Required action:
Would you repeat, exactly as given, the line with "(stopped_dist (step X" and every line after it to the end of the entries?

Entries shown:
Content starts

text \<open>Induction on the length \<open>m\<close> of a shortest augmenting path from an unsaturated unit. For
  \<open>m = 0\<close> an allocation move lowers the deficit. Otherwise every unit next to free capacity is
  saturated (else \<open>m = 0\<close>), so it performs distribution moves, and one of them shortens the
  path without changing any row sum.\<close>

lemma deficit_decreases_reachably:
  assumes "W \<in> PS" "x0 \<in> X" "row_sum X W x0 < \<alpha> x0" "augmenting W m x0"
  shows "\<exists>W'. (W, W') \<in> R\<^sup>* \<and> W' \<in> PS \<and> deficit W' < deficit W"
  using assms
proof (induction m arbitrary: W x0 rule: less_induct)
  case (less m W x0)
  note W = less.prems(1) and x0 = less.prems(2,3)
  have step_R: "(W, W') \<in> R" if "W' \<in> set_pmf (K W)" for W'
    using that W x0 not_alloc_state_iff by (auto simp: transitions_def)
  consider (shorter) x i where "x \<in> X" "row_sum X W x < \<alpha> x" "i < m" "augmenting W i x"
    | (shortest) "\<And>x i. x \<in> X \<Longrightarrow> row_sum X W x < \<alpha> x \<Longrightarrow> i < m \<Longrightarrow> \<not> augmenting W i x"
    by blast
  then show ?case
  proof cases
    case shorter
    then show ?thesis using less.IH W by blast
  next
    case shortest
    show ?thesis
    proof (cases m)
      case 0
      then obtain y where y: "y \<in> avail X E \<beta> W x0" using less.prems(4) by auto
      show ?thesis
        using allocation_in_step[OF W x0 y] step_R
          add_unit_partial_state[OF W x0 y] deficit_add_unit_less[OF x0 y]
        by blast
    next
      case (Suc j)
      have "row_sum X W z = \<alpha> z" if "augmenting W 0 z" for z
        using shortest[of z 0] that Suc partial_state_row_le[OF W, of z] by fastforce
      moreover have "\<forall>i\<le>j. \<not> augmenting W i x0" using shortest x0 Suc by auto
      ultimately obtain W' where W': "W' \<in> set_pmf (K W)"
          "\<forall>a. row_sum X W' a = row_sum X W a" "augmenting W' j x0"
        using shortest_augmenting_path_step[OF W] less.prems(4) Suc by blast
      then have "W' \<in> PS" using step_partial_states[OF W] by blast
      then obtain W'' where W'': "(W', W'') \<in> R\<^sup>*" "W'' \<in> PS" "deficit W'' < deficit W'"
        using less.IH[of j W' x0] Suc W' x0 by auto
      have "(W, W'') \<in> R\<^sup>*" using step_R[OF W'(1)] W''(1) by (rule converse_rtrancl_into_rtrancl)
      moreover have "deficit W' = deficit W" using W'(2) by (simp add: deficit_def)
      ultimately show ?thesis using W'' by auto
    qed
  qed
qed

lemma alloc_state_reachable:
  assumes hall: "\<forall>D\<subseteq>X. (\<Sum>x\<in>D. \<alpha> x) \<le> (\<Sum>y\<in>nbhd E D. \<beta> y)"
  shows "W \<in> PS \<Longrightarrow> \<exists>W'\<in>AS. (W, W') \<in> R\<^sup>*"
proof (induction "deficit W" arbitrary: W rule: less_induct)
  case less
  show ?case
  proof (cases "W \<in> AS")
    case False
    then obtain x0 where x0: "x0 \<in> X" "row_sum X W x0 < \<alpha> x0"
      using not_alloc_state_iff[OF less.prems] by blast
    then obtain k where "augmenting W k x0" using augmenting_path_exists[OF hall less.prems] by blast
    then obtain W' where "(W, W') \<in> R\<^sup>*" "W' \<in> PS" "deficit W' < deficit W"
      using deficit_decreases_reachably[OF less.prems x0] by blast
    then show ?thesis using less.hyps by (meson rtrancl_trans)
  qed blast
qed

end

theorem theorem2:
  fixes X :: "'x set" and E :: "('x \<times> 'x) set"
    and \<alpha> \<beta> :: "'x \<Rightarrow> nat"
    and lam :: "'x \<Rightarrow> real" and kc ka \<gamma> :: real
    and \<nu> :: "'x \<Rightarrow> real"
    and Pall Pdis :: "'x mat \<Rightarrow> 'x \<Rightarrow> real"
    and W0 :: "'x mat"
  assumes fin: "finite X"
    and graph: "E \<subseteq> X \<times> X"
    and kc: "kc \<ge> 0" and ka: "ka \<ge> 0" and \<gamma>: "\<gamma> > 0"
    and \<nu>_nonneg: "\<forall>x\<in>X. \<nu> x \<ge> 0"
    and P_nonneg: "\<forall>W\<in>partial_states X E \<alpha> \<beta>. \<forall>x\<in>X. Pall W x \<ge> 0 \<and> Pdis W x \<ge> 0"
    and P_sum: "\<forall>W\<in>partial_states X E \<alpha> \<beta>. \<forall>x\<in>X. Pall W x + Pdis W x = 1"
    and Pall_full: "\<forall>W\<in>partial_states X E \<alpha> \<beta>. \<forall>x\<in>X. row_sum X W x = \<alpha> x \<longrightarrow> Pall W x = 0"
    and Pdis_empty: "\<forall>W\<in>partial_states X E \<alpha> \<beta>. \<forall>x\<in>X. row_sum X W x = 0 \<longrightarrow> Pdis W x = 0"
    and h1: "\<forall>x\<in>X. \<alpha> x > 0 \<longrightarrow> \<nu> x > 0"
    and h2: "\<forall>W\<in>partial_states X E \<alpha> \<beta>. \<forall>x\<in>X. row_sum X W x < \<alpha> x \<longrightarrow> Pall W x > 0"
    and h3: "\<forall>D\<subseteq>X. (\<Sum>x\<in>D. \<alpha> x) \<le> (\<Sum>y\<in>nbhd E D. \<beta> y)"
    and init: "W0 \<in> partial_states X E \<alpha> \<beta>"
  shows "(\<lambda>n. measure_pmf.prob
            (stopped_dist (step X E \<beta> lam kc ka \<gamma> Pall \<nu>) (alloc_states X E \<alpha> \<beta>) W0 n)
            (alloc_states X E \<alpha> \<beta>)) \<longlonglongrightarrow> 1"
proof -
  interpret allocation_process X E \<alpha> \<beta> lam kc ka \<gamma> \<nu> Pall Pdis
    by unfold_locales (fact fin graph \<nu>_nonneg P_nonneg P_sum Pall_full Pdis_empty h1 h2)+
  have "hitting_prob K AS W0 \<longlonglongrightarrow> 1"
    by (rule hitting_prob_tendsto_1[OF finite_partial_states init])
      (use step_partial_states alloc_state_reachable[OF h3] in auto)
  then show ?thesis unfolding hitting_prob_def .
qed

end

Content ends

Solved problem:
            (stopped_dist (step X E \<beta> lam kc ka \<gamma> Pall \<nu>) (alloc_states X E \<alpha> \<beta>) W0 n)
            (alloc_states X E \<alpha> \<beta>)) \<longlonglongrightarrow> 1"
proof -
  interpret allocation_process X E \<alpha> \<beta> lam kc ka \<gamma> \<nu> Pall Pdis
    by unfold_locales (fact fin graph \<nu>_nonneg P_nonneg P_sum Pall_full Pdis_empty h1 h2)+
  have "hitting_prob K AS W0 \<longlonglongrightarrow> 1"
    by (rule hitting_prob_tendsto_1[OF finite_partial_states init])
      (use step_partial_states alloc_state_reachable[OF h3] in auto)
  then show ?thesis unfolding hitting_prob_def .
qed

end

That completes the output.